Someone asked me a very good question after watching my story yesterday:
what happens when you do find a friend of the opposite sex attractive/they find you attractive, but you’re married – do you think friendship is still possible in such a case? Has it been so in your experience? Or do you think it’s best to distance yourself?
Now this is a key question, and one which lies close to the heart of Friend Zone. Is it possible to tame the beast of sexual attraction? Is it possible to have a ‘platonic’ friendship?
Attraction is not one-dimensional
Have you ever had the experience where you first met someone and didn’t really think that much of them – but once you started to get to know them, they became more attractive to you? Attraction is a funny thing, and it’s complicated. And I’ve come to believe that often there’s more going on than meets the eye – and it’s easy to get things confused.
Let me try and explain. I think there are, broadly, two things going on with attraction: love and lust. Love says, “I like you, I want to spend time with you and be your friend, I desire what is good for you.” Lust, on the other hand, says “I want you only for your body and what you can do for me.”
The problem is, they usually come together and it’s easy to confuse one for the other. In my Practical Steps piece, I talk about sin being a distortion – and I think this is what’s going on here. Lust is distorted love. It recognises goodness and beauty – but it wants that beauty for itself.
So what do we do?
Anyone who’s been in a relationship for more than about five minutes will know that you can’t spend your life ignoring people you’re attracted to (or, indeed, who find you attractive). The way I think most people deal with it is by keeping them at arms length – unless they cave in to it! And I think most people would say there are only two real options: either stay away from someone / don’t get too close, or give in to it. What the Bible says, however, is that there is a third way.
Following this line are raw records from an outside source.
(* Let $\epsilon:[0,\infty)\to\mathbb{R}$ be a differentiable function with $\epsilon(t)>0$ and $\dot\epsilon(t)<0$ for all $t$, and $\lim_{t\to\infty}\dot\epsilon(t)\,\epsilon^{-2}(t)=0$. Then $\lim_{t\to\infty}e^{-t}\epsilon^{-1}(t)=0$. *)

theory Defs
  imports "HOL-Analysis.Analysis"
begin

end

theory Submission
  imports Defs "HOL-Real_Asymp.Real_Asymp"
begin

text \<open>The derivative of \<open>1 / \<epsilon>\<close> is \<open>-\<epsilon>'/\<epsilon>\<^sup>2\<close>, which tends to \<open>0\<close>; so \<open>1 / \<epsilon>\<close> grows at most
  linearly, and \<open>e\<^sup>-\<^sup>t\<close> beats any linear function.\<close>

lemma eventually_le_affine_if_deriv_le:
  fixes f f' :: "real \<Rightarrow> real"
  assumes deriv: "\<And>t. t > a \<Longrightarrow> (f has_real_derivative f' t) (at t)"
    and deriv_le: "eventually (\<lambda>t. f' t \<le> c) at_top"
  obtains C where "eventually (\<lambda>t. f t \<le> C + c * t) at_top"
proof -
  obtain T0 where T0: "\<And>t. t \<ge> T0 \<Longrightarrow> f' t \<le> c"
    using deriv_le by (auto simp: eventually_at_top_linorder)
  define T where "T = max T0 (a + 1)"
  have "f t \<le> (f T - c * T) + c * t" if "t \<ge> T" for t
  proof -
    have "c * T - f T \<le> c * t - f t"
    proof (rule DERIV_nonneg_imp_nondecreasing[OF that])
      fix x assume "T \<le> x" "x \<le> t"
      then have "x > a" "x \<ge> T0"
        by (auto simp: T_def)
      then have "((\<lambda>x. c * x - f x) has_real_derivative c - f' x) (at x)" "0 \<le> c - f' x"
        using T0 deriv[of x] by (auto intro!: derivative_eq_intros)
      then show "\<exists>y. ((\<lambda>x. c * x - f x) has_real_derivative y) (at x) \<and> 0 \<le> y"
        by blast
    qed
    then show ?thesis by linarith
  qed
  then have "eventually (\<lambda>t. f t \<le> (f T - c * T) + c * t) at_top"
    unfolding eventually_at_top_linorder by blast
  then show ?thesis
    by (rule that)
qed

lemma tendsto_exp_neg_mult_zero_if_affine_bound:
  fixes g :: "real \<Rightarrow> real"
  assumes "eventually (\<lambda>t. 0 \<le> g t) at_top"
    and "eventually (\<lambda>t. g t \<le> C + t) at_top"
  shows "((\<lambda>t. exp (- t) * g t) \<longlongrightarrow> 0) at_top"
proof (rule tendsto_sandwich[OF _ _ tendsto_const])
  show "eventually (\<lambda>t. 0 \<le> exp (- t) * g t) at_top"
    using assms(1) by eventually_elim simp
  show "eventually (\<lambda>t. exp (- t) * g t \<le> exp (- t) * (C + t)) at_top"
    using assms(2) by eventually_elim simp
  show "((\<lambda>t. exp (- t) * (C + t)) \<longlongrightarrow> 0) at_top"
    by real_asymp
qed

theorem lemma2:
  fixes eps eps' :: "real \<Rightarrow> real"
  assumes deriv: "\<And>t. t \<ge> 0 \<Longrightarrow> (eps has_real_derivative eps' t) (at t within {0..})"
    and pos: "\<And>t. t \<ge> 0 \<Longrightarrow> eps t > 0"
    and dec: "\<And>t. t \<ge> 0 \<Longrightarrow> eps' t < 0"
    and lim: "((\<lambda>t. eps' t / (eps t)^2) \<longlongrightarrow> 0) at_top"
  shows "((\<lambda>t. exp (- t) / eps t) \<longlongrightarrow> 0) at_top"
proof -
  have inverse_deriv: "((\<lambda>t. inverse (eps t)) has_real_derivative - (eps' t / (eps t)^2)) (at t)"
    if "t > 0" for t
  proof -
    have "(eps has_real_derivative eps' t) (at t within {0<..})"
      using deriv[of t] that by (auto intro: DERIV_subset)
    then have "(eps has_real_derivative eps' t) (at t)"
      using at_within_open[of t "{0<..}"] that by simp
    from DERIV_inverse_fun[OF this] show ?thesis
      using pos[of t] that by (simp add: divide_inverse power2_eq_square)
  qed
  have "eventually (\<lambda>t. - (eps' t / (eps t)^2) \<le> 1) at_top"
    using order_tendstoD(1)[OF lim, of "-1"] by (simp add: eventually_mono)
  then obtain C where "eventually (\<lambda>t. inverse (eps t) \<le> C + 1 * t) at_top"
    using eventually_le_affine_if_deriv_le[OF inverse_deriv] by blast
  moreover have "eventually (\<lambda>t. 0 \<le> inverse (eps t)) at_top"
    using eventually_ge_at_top[of 0] by eventually_elim (simp add: less_imp_le pos)
  ultimately show ?thesis
    by (simp add: divide_inverse tendsto_exp_neg_mult_zero_if_affine_bound)
qed

end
With relationships, I see three options:
- Moving away from the person in fear – i.e. shutting them out / keeping them at arm’s length / making sure the friendship is superficial. This is because you are worried about what might happen.
- Moving toward the person in lust – i.e. giving in to temptation and potentially ruining everything.
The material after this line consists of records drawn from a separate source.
lemma norm_dominated_graph_span_insert:
  assumes G: "norm_dominated_graph G"
  shows "\<exists>c. norm_dominated_graph (span (insert (x0, c) G))"
proof -
  have sub: "subspace G" and dom: "\<And>u s. (u, s) \<in> G \<Longrightarrow> \<bar>s\<bar> \<le> norm u"
    using G unfolding norm_dominated_graph_def by auto
  obtain c where c: "\<And>u s. (u, s) \<in> G \<Longrightarrow> \<bar>s + c\<bar> \<le> norm (u + x0)"
    using norm_dominated_graph_extension_value[OF G] by blast
  have "\<bar>r\<bar> \<le> norm v" if vr: "(v, r) \<in> span (insert (x0, c) G)" for v r
  proof -
    obtain k where k: "(v - k *\<^sub>R x0, r - k * c) \<in> G"
      using vr span_eq_iff[THEN iffD2, OF sub] by (auto simp: span_insert)
    show ?thesis
    proof (cases "k = 0")
      case True
      then show ?thesis using dom k by simp
    next
      case False
      have "inverse k *\<^sub>R (v - k *\<^sub>R x0, r - k * c) \<in> G"
        using subspace_scale[OF sub k] .
      then have "\<bar>inverse k * (r - k * c) + c\<bar> \<le> norm (inverse k *\<^sub>R (v - k *\<^sub>R x0) + x0)"
        by (simp add: c)
      also have "inverse k * (r - k * c) + c = inverse k * r"
        using False by (simp add: field_simps)
      also have "inverse k *\<^sub>R (v - k *\<^sub>R x0) + x0 = inverse k *\<^sub>R v"
        using False by (simp add: algebra_simps)
      finally show ?thesis
        using False by (simp add: abs_mult field_simps)
    qed
  qed
  then show ?thesis
    unfolding norm_dominated_graph_def using subspace_span by blast
qed

lemma norm_dominated_graph_chain_Union:
  assumes "C \<noteq> {}" "subset.chain {G. norm_dominated_graph G} C"
  shows "norm_dominated_graph (\<Union>C)"
proof -
  have dom: "\<And>G. G \<in> C \<Longrightarrow> norm_dominated_graph G"
    and chain: "\<And>G H. G \<in> C \<Longrightarrow> H \<in> C \<Longrightarrow> G \<subseteq> H \<or> H \<subseteq> G"
    using assms(2) unfolding subset.chain_def by auto
  have sub: "\<And>G. G \<in> C \<Longrightarrow> subspace G"
    using dom unfolding norm_dominated_graph_def by blast
  have "subspace (\<Union>C)"
    unfolding subspace_def
  proof (intro conjI ballI allI)
    show "0 \<in> \<Union>C" using assms(1) sub subspace_0 by blast
  next
    fix p q assume "p \<in> \<Union>C" "q \<in> \<Union>C"
    then obtain G H where GH: "G \<in> C" "H \<in> C" "p \<in> G" "q \<in> H" by blast
    show "p + q \<in> \<Union>C"
      using chain[OF GH(1,2)]
    proof
      assume "G \<subseteq> H"
      then show ?thesis using GH sub subspace_add by blast
    next
      assume "H \<subseteq> G"
      then show ?thesis using GH sub subspace_add by blast
    qed
  next
    show "a *\<^sub>R p \<in> \<Union>C" if "p \<in> \<Union>C" for a p
      using that sub subspace_scale by blast
  qed
  moreover have "\<bar>r\<bar> \<le> norm v" if "(v, r) \<in> \<Union>C" for v r
    using that dom unfolding norm_dominated_graph_def by blast
  ultimately show ?thesis unfolding norm_dominated_graph_def by blast
qed

lemma norm_dominated_graph_total_functional:
  assumes G: "norm_dominated_graph G" and total: "Domain G = UNIV"
  shows "\<exists>\<psi>. bounded_linear \<psi> \<and> (\<forall>(v, r)\<in>G. \<psi> v = r)"
proof -
  define \<psi> where "\<psi> v = (THE r. (v, r) \<in> G)" for v
  have graph: "(v, r) \<in> G \<longleftrightarrow> r = \<psi> v" for v r
  proof -
    obtain s where "(v, s) \<in> G" using total by blast
    then have "\<exists>!r. (v, r) \<in> G" using norm_dominated_graph_unique[OF G] by blast
    then show ?thesis unfolding \<psi>_def by (metis theI')
  qed
  have sub: "subspace G"
    using G unfolding norm_dominated_graph_def by blast
  have dom: "\<bar>\<psi> v\<bar> \<le> norm v" for v
    using G graph[of v "\<psi> v"] unfolding norm_dominated_graph_def by auto
  have "bounded_linear \<psi>"
  proof (rule bounded_linear_intro[where K = 1])
    show "\<psi> (x + y) = \<psi> x + \<psi> y" for x y
      using subspace_add[OF sub, of "(x, \<psi> x)" "(y, \<psi> y)"] graph by simp
    show "\<psi> (a *\<^sub>R x) = a *\<^sub>R \<psi> x" for a x
      using subspace_scale[OF sub, of "(x, \<psi> x)" a] graph by simp
    show "norm (\<psi> x) \<le> norm x * 1" for x
      using dom by simp
  qed
  then show ?thesis using graph by auto
qed

theorem Hahn_Banach_norm_dominated:
  assumes G0: "norm_dominated_graph G0"
  shows "\<exists>\<psi>. bounded_linear \<psi> \<and> (\<forall>(v, r)\<in>G0. \<psi> v = r)"
proof -
  define A where "A = {G. norm_dominated_graph G \<and> G0 \<subseteq> G}"
  have "\<exists>M\<in>A. \<forall>G\<in>A. M \<subseteq> G \<longrightarrow> G = M"
  proof (rule subset_Zorn_nonempty)
    show "A \<noteq> {}" using G0 unfolding A_def by blast
    fix C assume C: "C \<noteq> {}" "subset.chain A C"
    then have "subset.chain {G. norm_dominated_graph G} C"
      unfolding subset.chain_def A_def by blast
    then have "norm_dominated_graph (\<Union>C)"
      by (rule norm_dominated_graph_chain_Union[OF C(1)])
    moreover have "G0 \<subseteq> \<Union>C"
      using C unfolding subset.chain_def A_def by blast
    ultimately show "\<Union>C \<in> A" unfolding A_def by blast
  qed
  then obtain M where M: "norm_dominated_graph M" "G0 \<subseteq> M"
    and max: "\<And>G. norm_dominated_graph G \<Longrightarrow> M \<subseteq> G \<Longrightarrow> G = M"
    unfolding A_def by (metis (no_types, lifting) mem_Collect_eq order_trans)
  have "Domain M = UNIV"
  proof (rule UNIV_eq_I[symmetric])
    fix x
    obtain c where "norm_dominated_graph (span (insert (x, c) M))"
      using norm_dominated_graph_span_insert[OF M(1)] by blast
    moreover have ext: "insert (x, c) M \<subseteq> span (insert (x, c) M)"
      by (rule span_superset)
    ultimately have "span (insert (x, c) M) = M"
      by (intro max) auto
    then show "x \<in> Domain M"
      using ext by blast
  qed
  then obtain \<psi> where \<psi>: "bounded_linear \<psi>" "\<forall>(v, r)\<in>M. \<psi> v = r"
    using norm_dominated_graph_total_functional[OF M(1)] by blast
  show ?thesis
    using \<psi> M(2) by (intro exI[of _ \<psi>]) auto
qed

lemma separating_functional_subspace:
  fixes A :: "'v::real_normed_vector set"
  assumes A: "subspace A" and z: "z \<notin> closure A"
  shows "\<exists>\<psi>::'v \<Rightarrow> real. bounded_linear \<psi> \<and> (\<forall>a\<in>A. \<psi> a = 0) \<and> \<psi> z \<noteq> 0"
proof -
  define d where "d = infdist z A"
  have "d > 0"
    using z subspace_0[OF A] in_closure_iff_infdist_zero[of A z] infdist_nonneg[of z A]
    unfolding d_def by force
  have sub0: "subspace (A \<times> {0::real})"
    using A unfolding subspace_def zero_prod_def by auto
  \<comment> \<open>the graph of \<open>a + t z \<mapsto> t d\<close>, of norm at most one because \<open>d\<close> is the distance of \<open>z\<close> to \<open>A\<close>\<close>
  define G0 where "G0 = span (insert (z, d) (A \<times> {0}))"
  have "\<bar>r\<bar> \<le> norm v" if vr: "(v, r) \<in> G0" for v r
  proof -
    obtain k where k: "v - k *\<^sub>R z \<in> A" "r = k * d"
      using vr span_eq_iff[THEN iffD2, OF sub0] unfolding G0_def by (auto simp: span_insert)
    show ?thesis
    proof (cases "k = 0")
      case False
      have "z - inverse k *\<^sub>R v = (- inverse k) *\<^sub>R (v - k *\<^sub>R z)"
        using False by (simp add: algebra_simps)
      then have "z - inverse k *\<^sub>R v \<in> A"
        by (metis subspace_scale[OF A k(1)])
      then have "d \<le> dist z (z - inverse k *\<^sub>R v)"
        unfolding d_def by (rule infdist_le)
      then have "d \<le> norm v / \<bar>k\<bar>"
        by (simp add: dist_norm divide_inverse_commute)
      then show ?thesis
        using False \<open>d > 0\<close> k(2) by (simp add: abs_mult field_simps)
    qed (use k in simp)
  qed
  then have "norm_dominated_graph G0"
    unfolding norm_dominated_graph_def G0_def using subspace_span by blast
  then obtain \<psi> where \<psi>: "bounded_linear \<psi>" "\<forall>(v, r)\<in>G0. \<psi> v = r"
    using Hahn_Banach_norm_dominated by blast
  have "\<psi> a = 0" if "a \<in> A" for a
  proof -
    have "(a, 0) \<in> G0"
      using that unfolding G0_def by (intro span_base) auto
    then show ?thesis using \<psi>(2) by auto
  qed
  moreover have "\<psi> z = d"
  proof -
    have "(z, d) \<in> G0"
      unfolding G0_def by (intro span_base) simp
    then show ?thesis using \<psi>(2) by auto
  qed
  ultimately show ?thesis
    using \<psi>(1) \<open>d > 0\<close> by auto
qed

section \<open>Uniform boundedness\<close>

lemma Baire_closed_cover:
  fixes F :: "nat \<Rightarrow> 'a::complete_space set"
  assumes closed: "\<And>k. closed (F k)" and cover: "(\<Union>k. F k) = UNIV"
  shows "\<exists>k. interior (F k) \<noteq> {}"
proof (rule ccontr)
  assume "\<not> ?thesis"
  then have "euclidean interior_of \<Union>(range F) = {}"
    using closed completely_metrizable_space_euclidean
    by (intro Baire_category_alt) (auto simp: closed_closedin[symmetric])
  then show False using cover by simp
qed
- Moving toward the person in love – developing a relationship of love, not lust. This is what I believe God wants us to do – but, something we can only do in his strength!
God is the only one who can really change our hearts. God can take away lust and put love in its place. God can enable us to conquer feelings of sexual attraction and form genuine friendships.
In fact, on a personal note, I think it’s often those who I struggle most with who God most wants me to befriend. God does this so that it is clear friendship only happens because of his grace, not because of my own strength. God doesn’t want us to be independent, self-sufficient people, living without him – he wants us to live our lives in relationship with him. Sometimes he calls us to do things which we would never otherwise be able to do so that we will be forced to rely on him and deepen that most important relationship.
A note (or two) of caution
To finish with, just in case I sound overly positive, I think it’s important to sound a note of caution. We live in a world where sin exists – people do have affairs, relationships do break up, etc. That’s why I created this website!
So – firstly, it’s important to remember what Jeremiah said about our hearts:
The heart is deceitful above all things
and beyond cure.
Who can understand it?
Our hearts are deceitful and ‘beyond cure’ – from a human perspective. God gives us new hearts – this is absolutely and gloriously true – but we need to be sure that we are dealing with sin on God’s terms and in God’s ways, not ours. God’s ways are repentance (turning away from sin and to Christ), and then turning to him in faith. We must constantly be coming to God in prayer and asking him for the power to live in his ways. If we start to think we have the strength to do it without God, we will almost certainly fall. “if you think you are standing firm, be careful that you don’t fall!” (1 Corinthians 10:12)
Secondly, it’s important to remember that relationships always take two: just because you have a particular idea about what’s going on, it doesn’t mean the other person does. The other person might have a very different idea. I think it’s important to be open, and important to be up front – if it is unclear – that friendship is all you want. Misunderstanding is easy – we need wisdom to ensure that we don’t mislead anyone. This is something I’m still working on – maybe another blog post to come?…
Yes – I do believe that attraction can conquered, lust can be dealt with, and friendship can happen despite these difficulties.
I do apologise if all of this has felt a little bit cold and theoretical: this is why the stories section of the website exists, to try and flesh out this kind of thing with some real human experience. Do let us know in the comments if this kind of thing works out in your life.